В один из дней, обычных будничных дней, как всегда она спешила на репетицию. На проходной театра её ожидал букет гладиолусов. В дальнейшем посылка цветов стала ежедневным ритуалом. А такие моменты сразу привлекает всеобщее внимание - это же театр. И по этому поводу роятся сплетни как пчёлы. Отголоски сплетен ещё витают в закулисье, а у проходной театра спешащие на репетиции артисты стали замечать мужественно выдерживающего их любопытные взгляды странного парня небольшого роста. От их внимания не ускользнул и тот факт, что когда появляется виновница ежедневных знаков внимания и проходит мимо парня так, словно его не было здесь, он угасает, как гаснет лампа, когда потихоньку закручивают фитиль. Жужжание голосов по этому поводу возобновляется с новой силой, а когда дознаются, кто этот таинственный поклонник, об этом подло злословят.

- Это же тема для пьесы!

- Да, и название кассовое напрашивается: "Влюбленный вор Ренальдо Ренальдини".

- Нет, лучше так: "Кордебалет с вором на льдине".

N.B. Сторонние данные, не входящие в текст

lemma finite_ZI_disc: "finite {x \<in> ZI. cmod x \<le> r}"
  by (rule finite_subset[OF ZI_disc_subset_box]) auto

lemma card_ZI_disc_le:
  assumes "0 \<le> r"
  shows "real (card {x \<in> ZI. cmod x \<le> r}) \<le> (2 * r + 1)\<^sup>2"
proof -
  let ?L = "\<lfloor>r\<rfloor>"
  have "card {x \<in> ZI. cmod x \<le> r} \<le>
      card ((\<lambda>(a, b). Complex (of_int a) (of_int b)) ` ({-?L..?L} \<times> {-?L..?L}))"
    by (rule card_mono[OF _ ZI_disc_subset_box]) auto
  also have "\<dots> \<le> card ({-?L..?L} \<times> {-?L..?L})"
    by (rule card_image_le) auto
  also have "\<dots> = (nat (2 * ?L + 1))\<^sup>2"
    by (simp add: card_cartesian_product power2_eq_square)
  finally have "real (card {x \<in> ZI. cmod x \<le> r}) \<le> real ((nat (2 * ?L + 1))\<^sup>2)"
    by linarith
  also have "\<dots> = (of_int (2 * ?L + 1))\<^sup>2"
    using assms by simp
  also have "\<dots> \<le> (2 * r + 1)\<^sup>2"
    using assms by (intro power_mono) auto
  finally show ?thesis .
qed

lemma card_ZI_multiples_le:
  assumes m: "m \<in> ZI" "m \<noteq> 0"
  shows "real (card {n \<in> ZI. n \<noteq> 0 \<and> cmod n < R \<and> gdvd m n}) \<le> 9 * R\<^sup>2 / gnorm m"
proof -
  define \<rho> where "\<rho> = R / cmod m"
  let ?C = "{c \<in> ZI. c \<noteq> 0 \<and> cmod c \<le> \<rho>}"
  have "{n \<in> ZI. n \<noteq> 0 \<and> cmod n < R \<and> gdvd m n} \<subseteq> (\<lambda>c. m * c) ` ?C"
  proof
    fix n assume "n \<in> {n \<in> ZI. n \<noteq> 0 \<and> cmod n < R \<and> gdvd m n}"
    then obtain c where c: "c \<in> ZI" "n = m * c" "n \<noteq> 0" "cmod m * cmod c < R"
      by (auto simp: gdvd_def norm_mult)
    then have "cmod c \<le> \<rho>"
      using m by (simp add: \<rho>_def field_simps)
    then show "n \<in> (\<lambda>c. m * c) ` ?C" using c by auto
  qed
  moreover have fin: "finite ?C"
    by (rule finite_subset[OF _ finite_ZI_disc[of \<rho>]]) auto
  ultimately have "card {n \<in> ZI. n \<noteq> 0 \<and> cmod n < R \<and> gdvd m n} \<le> card ?C"
    by (meson card_image_le card_mono finite_imageI order_trans)
  moreover have "real (card ?C) \<le> 9 * R\<^sup>2 / gnorm m"
  proof (cases "?C = {}")
    case True
    then have "card ?C = 0" by (simp only: card.empty)
    then show ?thesis by (simp add: gnorm_nonneg)
  next
    case False
    then have "1 \<le> \<rho>" using cmod_ge_1 by force
    have "real (card ?C) \<le> real (card {x \<in> ZI. cmod x \<le> \<rho>})"
      by (simp, rule card_mono[OF finite_ZI_disc]) auto
    also have "\<dots> \<le> (2 * \<rho> + 1)\<^sup>2"
      using \<open>1 \<le> \<rho>\<close> by (intro card_ZI_disc_le) simp
    also have "\<dots> \<le> (3 * \<rho>)\<^sup>2"
      using \<open>1 \<le> \<rho>\<close> by (intro power_mono) auto
    also have "\<dots> = 9 * R\<^sup>2 / gnorm m"
      by (simp add: \<rho>_def gnorm_eq_cmod_square power_mult_distrib power_divide)
    finally show ?thesis .
  qed
  ultimately show ?thesis by linarith
qed

lemma mem_gideal_iff: "x \<in> gideal a \<longleftrightarrow> (\<exists>c \<in> ZI. x = a * c)"
  by (auto simp: gideal_def)

lemma mem_gideal_self: "a \<in> ZI \<Longrightarrow> a \<in> gideal a"
  by (auto simp: mem_gideal_iff intro!: bexI[of _ 1])

lemma gideal_0: "gideal 0 = {0}"
  by (auto simp: mem_gideal_iff) (use ZI_0 in blast)

lemma gideal_1: "gideal 1 = ZI"
  by (auto simp: mem_gideal_iff)

lemma is_gideal_gideal:
  assumes "a \<in> ZI"
  shows "is_gideal (gideal a)"
proof -
  have "x + y \<in> gideal a \<and> - x \<in> gideal a" if xy: "x \<in> gideal a" "y \<in> gideal a" for x y
  proof -
    obtain c d where "c \<in> ZI" "x = a * c" "d \<in> ZI" "y = a * d"
      using xy unfolding mem_gideal_iff by blast
    then have "x + y = a * (c + d)" "- x = a * (- c)" "c + d \<in> ZI" "- c \<in> ZI"
      by (simp_all add: distrib_left)
    then show ?thesis
      unfolding mem_gideal_iff by blast
  qed
  moreover have "c * x \<in> gideal a" if x: "x \<in> gideal a" and c: "c \<in> ZI" for x c
  proof -
    obtain d where "d \<in> ZI" "x = a * d"
      using x unfolding mem_gideal_iff by blast
    then have "c * x = a * (c * d)" "c * d \<in> ZI"
      using c by (simp_all add: mult.left_commute)
    then show ?thesis
      unfolding mem_gideal_iff by blast
  qed
  moreover have "gideal a \<subseteq> ZI"
    using assms by (auto simp: mem_gideal_iff)
  moreover have "0 \<in> gideal a"
    unfolding mem_gideal_iff by (rule bexI[of _ 0]) simp_all
  ultimately show ?thesis
    unfolding is_gideal_def by blast
qed

lemma gideal_subset_iff_gdvd:
  assumes "a \<in> ZI" "n \<in> ZI"
  shows "gideal n \<subseteq> gideal a \<longleftrightarrow> gdvd a n"
proof
  assume "gideal n \<subseteq> gideal a"
  then have "n \<in> gideal a"
    using mem_gideal_self[OF assms(2)] by blast
  then show "gdvd a n"
    using assms by (simp add: gdvd_def mem_gideal_iff)
next
  assume "gdvd a n"
  then obtain c where c: "c \<in> ZI" "n = a * c"
    by (auto simp: gdvd_def)
  show "gideal n \<subseteq> gideal a"
  proof
    fix x assume "x \<in> gideal n"
    then obtain d where "d \<in> ZI" "x = n * d"
      unfolding mem_gideal_iff by blast
    then have "x = a * (c * d)" "c * d \<in> ZI"
      using c by (simp_all add: mult.assoc)
    then show "x \<in> gideal a"
      unfolding mem_gideal_iff by blast
  qed
qed

lemma ideal_mult_gideal:
  assumes "a \<in> ZI" "b \<in> ZI"
  shows "ideal_mult (gideal a) (gideal b) = gideal (a * b)"
proof
  have "x * y \<in> gideal (a * b)" if xy: "x \<in> gideal a" "y \<in> gideal b" for x y
  proof -
    obtain c d where "c \<in> ZI" "x = a * c" "d \<in> ZI" "y = b * d"
      using xy unfolding mem_gideal_iff by blast
    then have "x * y = (a * b) * (c * d)" "c * d \<in> ZI"
      by (simp_all add: ac_simps)
    then show ?thesis
      unfolding mem_gideal_iff by blast
  qed
  then have "{x * y |x y. x \<in> gideal a \<and> y \<in> gideal b} \<subseteq> gideal (a * b)"
    by blast
  then show "ideal_mult (gideal a) (gideal b) \<subseteq> gideal (a * b)"
    unfolding ideal_mult_def using is_gideal_gideal[of "a * b"] assms by (intro Inter_lower) simp
next
  show "gideal (a * b) \<subseteq> ideal_mult (gideal a) (gideal b)"
    unfolding ideal_mult_def
  proof (rule Inter_greatest, rule subsetI)
    fix K x
    assume "K \<in> {K. is_gideal K \<and> {x * y |x y. x \<in> gideal a \<and> y \<in> gideal b} \<subseteq> K}"
    then have K: "is_gideal K" and products: "{x * y |x y. x \<in> gideal a \<and> y \<in> gideal b} \<subseteq> K"
      by auto
    assume "x \<in> gideal (a * b)"
    then obtain c where "c \<in> ZI" "x = c * (a * b)"
      unfolding mem_gideal_iff by (metis mult.commute)
    moreover have "a * b \<in> K"
      using products mem_gideal_self[OF assms(1)] mem_gideal_self[OF assms(2)] by blast
    ultimately show "x \<in> K"
      using K unfolding is_gideal_def by blast
  qed
qed

lemma ideal_pow_gideal: "a \<in> ZI \<Longrightarrow> ideal_pow (gideal a) k = gideal (a ^ k)"
  by (induction k) (auto simp: gideal_1 ideal_mult_gideal)

text \<open>Every ideal is generated by a nonzero element of least norm, by division with remainder.\<close>

lemma is_gideal_principal:
  assumes I: "is_gideal I"
  obtains p where "p \<in> ZI" "I = gideal p"
proof (cases "I \<subseteq> {0}")
  case True
  then have "I = gideal 0"
    using I by (auto simp: is_gideal_def gideal_0)
  then show ?thesis using that ZI_0 by blast
next
  case False
  have IZ: "I \<subseteq> ZI" and closed: "\<And>a b c. a \<in> I \<Longrightarrow> b \<in> I \<Longrightarrow> c \<in> ZI \<Longrightarrow> a - c * b \<in> I"
    using I unfolding is_gideal_def by (metis diff_conv_add_uminus)+
  define size :: "complex \<Rightarrow> nat" where "size x = nat \<lfloor>gnorm x\<rfloor>" for x
  have size: "real (size x) = gnorm x" if "x \<in> ZI" for x
    using gnorm_in_Nats[OF that] by (auto simp: size_def elim: Nats_cases)
  obtain p where p: "p \<in> I" "p \<noteq> 0" and least: "\<And>y. y \<in> I \<Longrightarrow> y \<noteq> 0 \<Longrightarrow> size p \<le> size y"
    using False ex_has_least_nat[of "\<lambda>x. x \<in> I \<and> x \<noteq> 0" _ size] by blast
  have "I = gideal p"
  proof
    show "gideal p \<subseteq> I"
    proof
      fix x assume "x \<in> gideal p"
      then obtain c where "c \<in> ZI" "x = c * p"
        by (auto simp: mem_gideal_iff mult.commute)
      then show "x \<in> I"
        using I p(1) unfolding is_gideal_def by blast
    qed
  next
    show "I \<subseteq> gideal p"
    proof
      fix a assume "a \<in> I"
      obtain c where c: "c \<in> ZI" "gnorm (a - p * c) \<le> gnorm p / 2"
        using ZI_division[of a p] \<open>a \<in> I\<close> p IZ by blast
      have "a - p * c \<in> I"
        using closed[OF \<open>a \<in> I\<close> p(1) c(1)] by (simp add: mult.commute)
      moreover have "gnorm (a - p * c) < gnorm p"
        using c(2) gnorm_ge_1[of p] p IZ by auto
      ultimately have "a - p * c = 0"
        using least[of "a - p * c"] size IZ p(1) by (metis of_nat_le_iff not_le subsetD)
      then show "a \<in> gideal p"
        using c(1) by (auto simp: mem_gideal_iff)
    qed
  qed
  then show ?thesis using that p IZ by blast
qed
(* Let $\gamma$ be an orbit of the regularized planar two-center problem lying on a regular torus $\mathbb{T}$ with rotation number $W$, and suppose that $\gamma$ (followed for all times $\tau\in\mathbb{R}$) passes through a collision point at exactly one time. Then $W$ is irrational.
   Context: Fix $d>0$ and masses $m_1,m_2>0$ at $(-d,0)$ and $(d,0)$. A test particle moves with Hamiltonian $H=\tfrac12(p_x^2+p_y^2)-m_1/\sqrt{(x+d)^2+y^2}-m_2/\sqrt{(x-d)^2+y^2}$; energies $h<0$. Regularization: $(\lambda,\nu)\in\mathbb{R}\times(\mathbb{R}/2\pi\mathbb{Z})$ with $x+iy=d\sin(\nu+i\lambda)$ (a double cover branched over the centers), conjugate momenta $p_\lambda,p_\nu$, time change $dt=d^2(\cosh^2\lambda-\sin^2\nu)\,d\tau$. On $H=h$ the motion becomes the flow (time $\tau$, defined also through collisions) of $H_\lambda+H_\nu$ on its zero level, $H_\lambda=\tfrac12p_\lambda^2-d(m_1+m_2)\cosh\lambda-hd^2\cosh^2\lambda$, $H_\nu=\tfrac12p_\nu^2+d(m_1-m_2)\sin\nu+hd^2\sin^2\nu$; orbits lie in sets $\{H_\lambda=-g,\ H_\nu=g\}$ for a separation constant $g$. Regular torus: a compact connected component $\mathbb{T}=C_\lambda\times C_\nu$ of such a set with $-g$ a regular value of $H_\lambda$ and $g$ a regular value of $H_\nu$ ($C_\lambda$ a closed curve in the $(\lambda,p_\lambda)$-plane, $C_\nu$ a closed curve in the cylinder $(\mathbb{R}/2\pi\mathbb{Z})\times\mathbb{R}$). Rotation number $W=T_\nu/T_\lambda$, where $T_\lambda,T_\nu$ are the $\tau$-periods of the motions on $C_\lambda,C_\nu$; in angle coordinates $\theta_1$ along $C_\nu$, $\theta_2$ along $C_\lambda$ (each in $\mathbb{R}/\mathbb{Z}$, increasing uniformly in $\tau$ with period 1) orbits on $\mathbb{T}$ lift to lines $\theta_2=W\theta_1+\mathrm{const}$. Collision points are the points of $\mathbb{T}$ with $\lambda=0$ and $\nu\equiv\pm\pi/2\pmod{2\pi}$ (they project to the two centers). *)

theory Defs
  imports "HOL-Analysis.Analysis"
begin

text \<open>Regularized planar two-center problem. Points of the (lambda,p_lambda)-plane
and lifts (nu,p_nu) of points of the cylinder are pairs of reals (first component the
position, second the momentum).\<close>

definition Hlam :: "real \<Rightarrow> real \<Rightarrow> real \<Rightarrow> real \<Rightarrow> real \<times> real \<Rightarrow> real" where
  "Hlam d m1 m2 h z = (snd z)\<^sup>2 / 2 - d * (m1 + m2) * cosh (fst z) - h * d\<^sup>2 * (cosh (fst z))\<^sup>2"

definition Hnu :: "real \<Rightarrow> real \<Rightarrow> real \<Rightarrow> real \<Rightarrow> real \<times> real \<Rightarrow> real" where
  "Hnu d m1 m2 h z = (snd z)\<^sup>2 / 2 + d * (m1 - m2) * sin (fst z) + h * d\<^sup>2 * (sin (fst z))\<^sup>2"

text \<open>The cylinder (R/2piZ) x R, realised as the subset S^1 x R of R^3 via its standard embedding.\<close>

definition cyl :: "real \<times> real \<Rightarrow> real \<times> real \<times> real" where
  "cyl z = (cos (fst z), sin (fst z), snd z)"

definition regular_value :: "(real \<times> real \<Rightarrow> real) \<Rightarrow> real \<Rightarrow> bool" where
  "regular_value H c \<longleftrightarrow>
     (\<forall>x. H x = c \<longrightarrow> H differentiable (at x) \<and> \<not> (H has_derivative (\<lambda>v. 0)) (at x))"

definition ham_solution :: "(real \<times> real \<Rightarrow> real) \<Rightarrow> (real \<Rightarrow> real \<times> real) \<Rightarrow> bool" where
  "ham_solution H z \<longleftrightarrow>
     (\<forall>t. \<exists>DH. (H has_derivative DH) (at (z t)) \<and>
              (z has_vector_derivative (DH (0, 1), - DH (1, 0))) (at t))"

definition period :: "(real \<Rightarrow> 'a) \<Rightarrow> real" where
  "period f = Inf {T. T > 0 \<and> (\<forall>t. f (t + T) = f t)}"

definition level_set :: "real \<Rightarrow> real \<Rightarrow> real \<Rightarrow> real \<Rightarrow> real \<Rightarrow> ((real \<times> real) \<times> (real \<times> real \<times> real)) set" where
  "level_set d m1 m2 h g = {(zl, c). Hlam d m1 m2 h zl = - g \<and> c \<in> cyl ` {zn. Hnu d m1 m2 h zn = g}}"

definition regular_torus :: "real \<Rightarrow> real \<Rightarrow> real \<Rightarrow> real \<Rightarrow> real \<Rightarrow> ((real \<times> real) \<times> (real \<times> real \<times> real)) set \<Rightarrow> bool" where
  "regular_torus d m1 m2 h g TT \<longleftrightarrow>
     regular_value (Hlam d m1 m2 h) (- g) \<and> regular_value (Hnu d m1 m2 h) g \<and>
     (\<exists>x \<in> level_set d m1 m2 h g. TT = connected_component_set (level_set d m1 m2 h g) x) \<and>
     compact TT"

definition collision :: "real \<times> real \<Rightarrow> real \<times> real \<Rightarrow> bool" where
  "collision zl zn \<longleftrightarrow> fst zl = 0 \<and> (\<exists>k::int. fst zn = pi/2 + k * pi)"

end

theory Submission
  imports Defs
begin

text \<open>After separation both coordinates perform one-degree-of-freedom Newtonian motions
  \<open>q'' = -V'(q)\<close> on regular energy levels. On a compact regular torus the \<open>\<lambda>\<close>-motion is
  bounded, so it oscillates between two turning points; the \<open>\<nu>\<close>-motion either oscillates
  or keeps moving in one direction around the cylinder. By uniqueness of solutions both
  motions are periodic, and since the velocity never vanishes on a regular level their
  minimal periods are attained. If the rotation number were rational, a common multiple
  \<open>P > 0\<close> of the two periods would be a period of the whole orbit, so a collision at time
  \<open>\<tau>\<close> would recur at time \<open>\<tau> + P\<close>.\<close>

definition newton_solution :: "(real \<Rightarrow> real) \<Rightarrow> (real \<Rightarrow> real) \<Rightarrow> (real \<Rightarrow> real) \<Rightarrow> bool" where
  "newton_solution V' q p \<longleftrightarrow>
     (\<forall>t. (q has_real_derivative p t) (at t) \<and> (p has_real_derivative - V' (q t)) (at t))"

lemma newton_solution_isCont:
  assumes "newton_solution V' q p"
  shows "isCont q t" and "isCont p t"
  using assms DERIV_isCont unfolding newton_solution_def by blast+
(* Assume the standing setting, let $\epsilon>0$, fix a coarse index $j$ and an integer $m$ with $r/2\le m\le r$. If $|u^0_i-u^0_{i+1}|\le \epsilon/3^{M}$ for all $i\in\mathbb Z$, then $|u^M_{jr+m}-u^M_{(j+1)r}|\le (r-m)\epsilon$.
   Context: Standing setting. Let $F:\mathbb R\to\mathbb R$ be continuously differentiable. For a spatial step $\eta>0$, a time step $\tau>0$ and an initial sequence $(z^0_i)_{i\in\mathbb Z}$ of reals, the EFC (Euler forward in time, centered in space) scheme produces $(z^n_i)_{i\in\mathbb Z,\,n\in\mathbb N}$ by $z^{n+1}_i=z^n_i-F'(z^n_i)\frac{\tau}{2\eta}\,(z^n_{i+1}-z^n_{i-1})$. It satisfies the CFL condition if $|F'(z^n_i)|\,\tau/\eta\le 1$ for all $i\in\mathbb Z$, $n\in\mathbb N$. Fix $a\in\mathbb R$, $h>0$, $\Delta t>0$, an integer $N>1$ and an even integer $r\ge 2$; put $k=h/r$, $dt=\Delta t/r$, $M=Nr$. Let $u_0:\mathbb R\to\mathbb R$. The coarse solution $(w^n_j)$ is the EFC scheme with $\eta=h$, $\tau=\Delta t$, $w^0_j=u_0(a+jh)$; the fine solution $(u^n_i)$ is the EFC scheme with $\eta=k$, $\tau=dt$, $u^0_i=u_0(a+ik)$ (so $w^0_j=u^0_{jr}$). Both are assumed to satisfy the CFL condition. *)

theory Defs
  imports Complex_Main
begin

text \<open>EFC scheme (Euler forward in time, centered in space).
  F' is the derivative of the flux F; eta spatial step, tau time step, z0 initial data.\<close>
fun efc :: "(real \<Rightarrow> real) \<Rightarrow> real \<Rightarrow> real \<Rightarrow> (int \<Rightarrow> real) \<Rightarrow> nat \<Rightarrow> int \<Rightarrow> real" where
  "efc F' eta tau z0 0 i = z0 i"
| "efc F' eta tau z0 (Suc n) i =
     efc F' eta tau z0 n i
     - F' (efc F' eta tau z0 n i) * (tau / (2 * eta))
       * (efc F' eta tau z0 n (i + 1) - efc F' eta tau z0 n (i - 1))"

definition cfl :: "(real \<Rightarrow> real) \<Rightarrow> real \<Rightarrow> real \<Rightarrow> (int \<Rightarrow> real) \<Rightarrow> bool" where
  "cfl F' eta tau z0 \<longleftrightarrow>
     (\<forall>n i. \<bar>F' (efc F' eta tau z0 n i)\<bar> * tau / eta \<le> 1)"

end

theory Submission
  imports Defs
begin

text \<open>Under the CFL condition every coefficient \<open>F'(z) \<tau>/(2\<eta>)\<close> of the scheme has modulus at
  most 1/2, so one step of the scheme at most triples the differences of neighbouring values.
  After \<open>M\<close> fine steps the neighbouring differences are therefore at most \<open>\<epsilon>\<close>, and the
  difference between the fine cells \<open>jr + m\<close> and \<open>(j+1)r\<close> telescopes over \<open>r - m\<close> of them.\<close>

lemma abs_centered_step_diff_le:
  fixes c1 c2 a0 a1 a2 a3 D :: real
  assumes "\<bar>c1\<bar> \<le> 1/2" "\<bar>c2\<bar> \<le> 1/2"
    and "\<bar>a1 - a0\<bar> \<le> D" "\<bar>a2 - a1\<bar> \<le> D" "\<bar>a3 - a2\<bar> \<le> D"
  shows "\<bar>(a2 - c2 * (a3 - a1)) - (a1 - c1 * (a2 - a0))\<bar> \<le> 3 * D"
proof -
  have "\<bar>c2 * (a3 - a1)\<bar> \<le> 1/2 * (2 * D)"
    unfolding abs_mult using assms by (intro mult_mono) auto
  moreover have "\<bar>c1 * (a2 - a0)\<bar> \<le> 1/2 * (2 * D)"
    unfolding abs_mult using assms by (intro mult_mono) auto
  ultimately show ?thesis
    using assms(4) by (simp add: abs_le_iff)
qed

lemma cfl_coefficient_le_half:
  assumes "eta > 0" "tau > 0" "cfl F' eta tau z0"
  shows "\<bar>F' (efc F' eta tau z0 n i) * (tau / (2 * eta))\<bar> \<le> 1/2"
proof -
  have "\<bar>F' (efc F' eta tau z0 n i)\<bar> * tau / eta \<le> 1"
    using assms(3) unfolding cfl_def by blast
  moreover have "\<bar>F' (efc F' eta tau z0 n i) * (tau / (2 * eta))\<bar>
      = (\<bar>F' (efc F' eta tau z0 n i)\<bar> * tau / eta) / 2"
    using assms(1,2) by (simp add: abs_mult)
  ultimately show ?thesis by simp
qed

lemma efc_neighbour_diff_le:
  assumes "eta > 0" "tau > 0" "cfl F' eta tau z0"
    and initial: "\<And>i. \<bar>z0 (i + 1) - z0 i\<bar> \<le> B"
  shows "\<bar>efc F' eta tau z0 n (i + 1) - efc F' eta tau z0 n i\<bar> \<le> 3 ^ n * B"
proof (induction n arbitrary: i)
  case 0
  then show ?case using initial by simp
next
  case (Suc n)
  let ?z = "efc F' eta tau z0 n"
  have left: "\<bar>?z i - ?z (i - 1)\<bar> \<le> 3 ^ n * B"
    using Suc.IH[of "i - 1"] by simp
  have right: "\<bar>?z (i + 1 + 1) - ?z (i + 1)\<bar> \<le> 3 ^ n * B"
    using Suc.IH[of "i + 1"] by simp
  show ?case
    using abs_centered_step_diff_le[OF cfl_coefficient_le_half[OF assms(1-3), of n i]
        cfl_coefficient_le_half[OF assms(1-3), of n "i + 1"] left Suc.IH[of i] right]
    by (simp add: algebra_simps)
qed

lemma abs_diff_le_of_unit_increments:
  fixes f :: "int \<Rightarrow> real"
  assumes "\<And>i. \<bar>f (i + 1) - f i\<bar> \<le> e"
  shows "\<bar>f (p + int k) - f p\<bar> \<le> real k * e"
proof (induction k)
  case 0
  then show ?case by simp
next
  case (Suc k)
  have "\<bar>f (p + int k + 1) - f (p + int k)\<bar> \<le> e"
    using assms by blast
  with Suc show ?case
    by (simp add: algebra_simps abs_le_iff)
qed

theorem proposition10:
  fixes F F' :: "real \<Rightarrow> real" and u0 :: "real \<Rightarrow> real"
    and a h \<Delta>t \<epsilon> :: real and N r m :: nat and j :: int
  assumes F_deriv: "\<And>x. (F has_real_derivative F' x) (at x)"
    and F'_cont: "continuous_on UNIV F'"
    and h_pos: "h > 0" and dt_pos: "\<Delta>t > 0"
    and N_gt: "N > 1"
    and r_even: "even r" and r_ge: "r \<ge> 2"
    and cfl_coarse: "cfl F' h \<Delta>t (\<lambda>j. u0 (a + real_of_int j * h))"
    and cfl_fine: "cfl F' (h / real r) (\<Delta>t / real r) (\<lambda>i. u0 (a + real_of_int i * (h / real r)))"
    and eps_pos: "\<epsilon> > 0"
    and m_low: "real r / 2 \<le> real m" and m_up: "m \<le> r"
    and small: "\<And>i::int. \<bar>u0 (a + real_of_int i * (h / real r)) - u0 (a + real_of_int (i + 1) * (h / real r))\<bar>
                   \<le> \<epsilon> / 3 ^ (N * r)"
  shows "\<bar>efc F' (h / real r) (\<Delta>t / real r) (\<lambda>i. u0 (a + real_of_int i * (h / real r))) (N * r) (j * int r + int m)
          - efc F' (h / real r) (\<Delta>t / real r) (\<lambda>i. u0 (a + real_of_int i * (h / real r))) (N * r) ((j + 1) * int r)\<bar>
         \<le> (real r - real m) * \<epsilon>"
proof -
  let ?u = "efc F' (h / real r) (\<Delta>t / real r) (\<lambda>i. u0 (a + real_of_int i * (h / real r))) (N * r)"
  have "real r > 0"
    using r_ge by simp
  then have "\<bar>?u (i + 1) - ?u i\<bar> \<le> 3 ^ (N * r) * (\<epsilon> / 3 ^ (N * r))" for i
    using h_pos dt_pos small
    by (intro efc_neighbour_diff_le[OF _ _ cfl_fine]) (auto simp: abs_minus_commute)
  then have "\<bar>?u (j * int r + int m + int (r - m)) - ?u (j * int r + int m)\<bar> \<le> real (r - m) * \<epsilon>"
    by (intro abs_diff_le_of_unit_increments) simp
  moreover have "j * int r + int m + int (r - m) = (j + 1) * int r"
    using m_up by (simp add: algebra_simps)
  ultimately show ?thesis
    using m_up by (simp add: abs_minus_commute of_nat_diff)
qed

end
(* Let $K$ be a positive integer and let $\gamma_0,\dots,\gamma_K$ be real numbers with $\gamma_0=1$ and $\gamma_K\neq 0$. For $n\ge K$ put $$q_n(x)=\sum_{j=0}^K\gamma_jH_{n-j}(x),$$ and let $P(x)=\sum_{j=0}^K\gamma_jx^{K-j}$. (i) If $P$ has only real zeros, then for every $n\ge K$ all the zeros of $q_n$ are real and simple, and the zeros of $q_{n+1}$ interlace the zeros of $q_n$. (ii) If $P$ has non-real zeros, then there exists a positive integer $n_0$, depending only on the non-real zeros of $P$ and on $K$, such that for every $n\ge n_0$ all the zeros of $q_n$ are real and simple and the zeros of $q_{n+1}$ interlace the zeros of $q_n$.
   Context: $H_n$ denotes the standard (physicists') Hermite polynomial of degree $n$, orthogonal with respect to $e^{-x^2}$ on $\mathbb{R}$, with leading coefficient $2^n$; they satisfy $H_{n+1}(x)=2xH_n(x)-H_n'(x)$. Interlacing: given two finite sets $U,V$ of real numbers, $U$ (strictly) interlaces $V$ if $\min U<\min V$ and between any two consecutive elements of either of the two sets there is an element of the other. "The zeros of $p$ interlace the zeros of $q$" means that the set of zeros of $p$ interlaces the set of zeros of $q$ in this sense. *)

theory Defs
  imports "HOL-Computational_Algebra.Polynomial" Complex_Main
begin

text \<open>Physicists' Hermite polynomials: H_0 = 1, H_(n+1) = 2x H_n - H_n'.\<close>
fun hermite :: "nat \<Rightarrow> real poly" where
  "hermite 0 = 1"
| "hermite (Suc n) = [:0, 2:] * hermite n - pderiv (hermite n)"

Внимание человека, ходящего на грани закона, больно жалящие насмешки коллег, сплетни, пересуды... Всё это наносило душевную психологическую боль молодой женщине. А это посильнее, чем боль от физического удара.

А Юрка, как в детстве, когда в таинственном полумраке чердаков разглядывая репродукции в старых журналах, изваял свою Галатею, возвышенный обман, то, без чего влюбленный человек абсолютно не может жить. И инфицированный этой сердечной привязанностью, чувством любви, он, как нищий часами простаивал у проходной театра. Трепетно и покорно ожидал появления придуманного им образа. И, конечно же, не догадывался, что между ним и этой женщиной общим было только одно: она была молода, и эта молодость совпала с молодостью моего друга.

Но любовь открывает наготу души. И оголившись, Юркина душа, как кузнец, который, прежде чем сварить два конца металла, очищает их от грязи и пыли - пыталась очиститься, шагнуть не на свою ступеньку общественной лестницы. Теперь его некультурное сознание - духовная неразвитость, ограниченная размерами криминальных понятий - бессознательно искало то, что недополучило в своей жизни. В надежде обрести внимание своего кумира - в поисках подлинной культуры - Юрка, с непостижимой всеядностью, без разбора посещал все театральные спектакли, ходил на всех гастролёров. Он мог на концерте джаза Утёсова восхищаться перефразированной строкой песни: "Дорогие мои москвичи" на "Дорогие мои омичи", а на Ленинградском балете, как ребенок, восторгаться балериной Дудинской. А в другой раз неистово рукоплескать артистке кино Ладыниной. Бегая по кругу: театр, гастролёры, кино, концерты - он боялся пропустить что-то важное. Но вот что мне в голову не могло прийти, что Юрка, которого, как мне казалось, я знал досконально, способен удивить меня такой неожиданностью. Он увлекся веками традиционным, старым оперным искусством. С завидным постоянством посещал все спектакли, гастролирующего Пермского театра оперы и балета. Этот вид искусства стал неотделим от его жизни, как та молодая женщина, в которую он оставался влюбленным. И я неоднократно наблюдал, что когда раздвигался тяжёлый занавес, мой друг испытывал такое же восхищение, которое охватывало его при встрече с его "возвышенным обманом".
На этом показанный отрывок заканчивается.